EUR/USD, GBP/USD and AUD/USD rebound on lower US inflation
EUR/USD, GBP/USD and AUD/USD spike higher, as US inflation data lifts hopes of a pivot from the Fed.
EUR/USD breaks resistance as US CPI lifts pivot hopes
EUR/USD saw a sharp push higher yesterday, as the latest US inflation survey brought hope that we may have turned a corner. While this could mark the beginning of a trend that may ultimately lead to a pivot from the US Federal Reserve (Fed), it is worthwhile noting that inflation remains highly elevated and is still a major problem that is far from resolved.
Nonetheless, with Fed members mentioning the potential to slow the pace of tightening in response, we are now looking at a 50-basis point (bps) rise in December. While the long-term picture brings expectations of economic decline and the potential for a second wave of inflation, the near-term sentiment has certainly taken a positive turn. The break through $1.1098 has ended the 2022 trend of lower highs, signalling a strong chance that we see the bulls back in charge once again for the time being. As such, further upside seems likely for now, with a break back below $0.9935 required to negate that view.

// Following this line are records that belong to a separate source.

lemma chain_dist_enter_earlier:
  assumes "1 \<le> k" "k \<le> u div 6" "c k < 6" "z < 6"
  shows "chain_dist c t u (6*(k-1) + z) = Suc (chain_dist c t u (6*k + c k) + hex_pos_dist (t k) z)"
proof -
  have "chain_dist c t u (6*(k-1) + z) = hex_chain_dist c t (k-1) z (u div 6) (u mod 6)"
    using assms by (auto simp: chain_dist_def)
  also have "\<dots> = Suc (hex_pos_dist z (t k) + hex_chain_dist c t k (c k) (u div 6) (u mod 6))"
    using assms(1,2) hex_chain_dist_first[of "k-1" "u div 6" c t z] by simp
  also have "hex_chain_dist c t k (c k) (u div 6) (u mod 6) = chain_dist c t u (6*k + c k)"
    using assms by (cases "k = u div 6") (auto simp: chain_dist_def hex_chain_dist_same hex_pos_dist_sym)
  finally show ?thesis by (simp add: hex_pos_dist_sym)
qed

lemma chain_dist_eq_0D:
  assumes "chain_dist c t u v = 0"
  shows "u = v"
proof -
  have "u div 6 = v div 6"
    using assms by (cases "u div 6" "v div 6" rule: linorder_cases)
      (auto simp: chain_dist_def hex_chain_dist_last)
  moreover from this have "u mod 6 = v mod 6"
    using assms by (auto simp: chain_dist_def hex_chain_dist_same intro: hex_pos_dist_eq_0D)
  ultimately show ?thesis by (metis div_mult_mod_eq)
qed

lemma chain_dist_to_hex:
  assumes "valid_chain n c t" "u < 6*n" "b < n"
  obtains e K where "e < 6" "\<And>z. z < 6 \<Longrightarrow> chain_dist c t u (6*b + z) = K + hex_pos_dist e z"
proof (cases "u div 6" b rule: linorder_cases)
  case less
  then have "t b < 6" using assms valid_chain_less_6[of n c t b] by simp
  with less show ?thesis
    using that[of "c b"] assms valid_chain_less_6[of n c t b] by (simp add: chain_dist_enter_later)
next
  case equal
  show ?thesis by (rule that[of "u mod 6" 0]) (use equal chain_dist_in_hex_of_source in auto)
next
  case greater
  then have "c (Suc b) < 6" using assms valid_chain_less_6[of n c t "Suc b"] by simp
  with greater show ?thesis
    using that[of "t (Suc b)"] assms valid_chain_less_6[of n c t "Suc b"]
      chain_dist_enter_earlier[of "Suc b" u c] by simp
qed

lemma chain_dist_across_cut:
  assumes "valid_chain n c t" "u < 6*n" "1 \<le> k" "k < n"
  shows "chain_dist c t u (6*(k-1) + t k) = Suc (chain_dist c t u (6*k + c k))
       \<or> chain_dist c t u (6*k + c k) = Suc (chain_dist c t u (6*(k-1) + t k))"
  using assms valid_chain_less_6[OF assms(1,3,4)]
    chain_dist_enter_earlier[of k u c "t k" t] chain_dist_enter_later[of u k t "c k" c]
  by (cases "k \<le> u div 6") simp_all

lemma chain_dist_adj_le:
  assumes vc: "valid_chain n c t" and "u < 6*n" and "chain_adj n c t x y"
  shows "chain_dist c t u y \<le> Suc (chain_dist c t u x)"
  using \<open>chain_adj n c t x y\<close> unfolding chain_adj_iff
proof (elim conjE disjE exE)
  assume xy: "x < 6*n" "y < 6*n" "x div 6 = y div 6" "hex_adj (x mod 6) (y mod 6)"
  have "y div 6 < n" using xy(2) by simp
  then obtain e K where e: "e < 6"
    and dist: "\<And>z. z < 6 \<Longrightarrow> chain_dist c t u (6*(y div 6) + z) = K + hex_pos_dist e z"
    using chain_dist_to_hex[OF vc \<open>u < 6*n\<close>] by blast
  have "hex_pos_dist e (y mod 6) \<le> Suc (hex_pos_dist e (x mod 6))"
    using hex_pos_dist_adj_le[OF e _ _ xy(4)] by simp
  moreover have "x = 6*(y div 6) + x mod 6" "y = 6*(y div 6) + y mod 6"
    using xy(3) mult_div_mod_eq[of 6 x] mult_div_mod_eq[of 6 y] by simp_all
  ultimately show ?thesis using dist[of "x mod 6"] dist[of "y mod 6"] by simp
next
  fix k assume "1 \<le> k" "k < n" "{x, y} = {6*(k-1) + t k, 6*k + c k}"
  then show ?thesis using chain_dist_across_cut[OF vc \<open>u < 6*n\<close>, of k]
    by (auto simp: doubleton_eq_iff)
qed

lemma chain_dist_pred_in_hex:
  assumes "b < n" "e < 6" "q < 6" "q \<noteq> e"
    and dist: "\<And>z. z < 6 \<Longrightarrow> chain_dist c t u (6*b + z) = K + hex_pos_dist e z"
  shows "\<exists>y. chain_adj n c t y (6*b + q) \<and> Suc (chain_dist c t u y) = chain_dist c t u (6*b + q)"
proof -
  obtain z where "z < 6" "hex_adj z q" "Suc (hex_pos_dist e z) = hex_pos_dist e q"
    using hex_pos_dist_pred[of e q] assms by auto
  then show ?thesis
    using assms chain_adj_in_hex[of b n z q c t] dist[of z] dist[of q]
    by (intro exI[of _ "6*b + z"]) simp
qed

lemma chain_dist_pred:
  assumes vc: "valid_chain n c t" and "u < 6*n" "v < 6*n" "u \<noteq> v"
  shows "\<exists>y. chain_adj n c t y v \<and> Suc (chain_dist c t u y) = chain_dist c t u v"
proof -
  define b where "b = v div 6"
  define q where "q = v mod 6"
  have v: "v = 6*b + q" and "b < n" "q < 6" using \<open>v < 6*n\<close> by (simp_all add: b_def q_def)
  consider "u div 6 = b" | "u div 6 < b" | "b < u div 6" by linarith
  then show ?thesis
  proof cases
    case 1
    have "q \<noteq> u mod 6" using 1 \<open>u \<noteq> v\<close> v by (metis mult_div_mod_eq)
    moreover have "chain_dist c t u (6*b + z) = hex_pos_dist (u mod 6) z" if "z < 6" for z
      using chain_dist_in_hex_of_source[OF that, of c t u, unfolded 1] by simp
    ultimately show ?thesis
      unfolding v using \<open>b < n\<close> \<open>q < 6\<close>
      by (intro chain_dist_pred_in_hex[where K = 0 and e = "u mod 6"]) auto
  next
    case 2
    then have "1 \<le> b" by simp
    note less_6 = valid_chain_less_6[OF vc this \<open>b < n\<close>]
    have enter: "chain_dist c t u (6*b + z)
        = Suc (chain_dist c t u (6*(b-1) + t b) + hex_pos_dist (c b) z)" if "z < 6" for z
      using chain_dist_enter_later[of u b t z c] 2 less_6 that by simp
    show ?thesis
    proof (cases "q = c b")
      case True
      then show ?thesis
        unfolding v using chain_adj_cut(1)[of b n t c, OF \<open>1 \<le> b\<close> \<open>b < n\<close> less_6(2,1)]
          enter[OF \<open>q < 6\<close>] by auto
    next
      case False
      then show ?thesis
        unfolding v using enter less_6 \<open>b < n\<close> \<open>q < 6\<close>
        by (intro chain_dist_pred_in_hex[where K = "Suc (chain_dist c t u (6*(b-1) + t b))"]) auto
    qed
  next
    case 3
    then have "1 \<le> Suc b" "Suc b < n" using \<open>u < 6*n\<close> by auto
    note less_6 = valid_chain_less_6[OF vc this]
    have enter: "chain_dist c t u (6*b + z)
        = Suc (chain_dist c t u (6*Suc b + c (Suc b)) + hex_pos_dist (t (Suc b)) z)" if "z < 6" for z
      using chain_dist_enter_earlier[of "Suc b" u c z t] 3 less_6 that by simp
    show ?thesis
    proof (cases "q = t (Suc b)")
      case True
      then show ?thesis
        unfolding v using chain_adj_cut(2)[of "Suc b" n t c, OF \<open>1 \<le> Suc b\<close> \<open>Suc b < n\<close> less_6(2,1)]
          enter[OF \<open>q < 6\<close>] by auto
    next
      case False
      then show ?thesis
        unfolding v using enter less_6 \<open>b < n\<close> \<open>q < 6\<close>
        by (intro chain_dist_pred_in_hex[where K = "Suc (chain_dist c t u (6*Suc b + c (Suc b)))"]) auto
    qed
  qed
qed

GBP/USD pushes through trendline and horizontal resistance
GBP/USD has been heading sharply higher as the dollar loses traction. Much like the eurozone, UK inflation continues to stand well above that of the US. Hence the pivot outlook actually looks more likely to come from the Fed before the European Central Bank (ECB) and Bank of England (BoE).
This should help cable continue its ascent, with the push through $1.1738 bringing a bullish signal. As such, more upside does look likely despite disappointing UK gross domestic product (GDP) data this morning. Keep an eye out for $1.1829 Fibonacci resistance up ahead as a potential hurdle. However, the key resistance level comes in the form of the $1.2293 swing-high. For now, further upside looks likely unless we see the price decline below $1.1146.
AUD/USD spikes through resistance to bring wider retracement
AUD/USD has similarly seen the price turn sharply higher as the dollar comes under pressure.
The break up through $0.6547 resistance brings the wider retracement into view, although the near-term hurdle comes in the form of the prior low of $0.6681 and 100-day simple moving average (SMA). In any case, the push through $0.6547 does signal a likely upward move from here, with the bearish pressure built over the course of recent months finally released for what could be a more positive phase for the pair.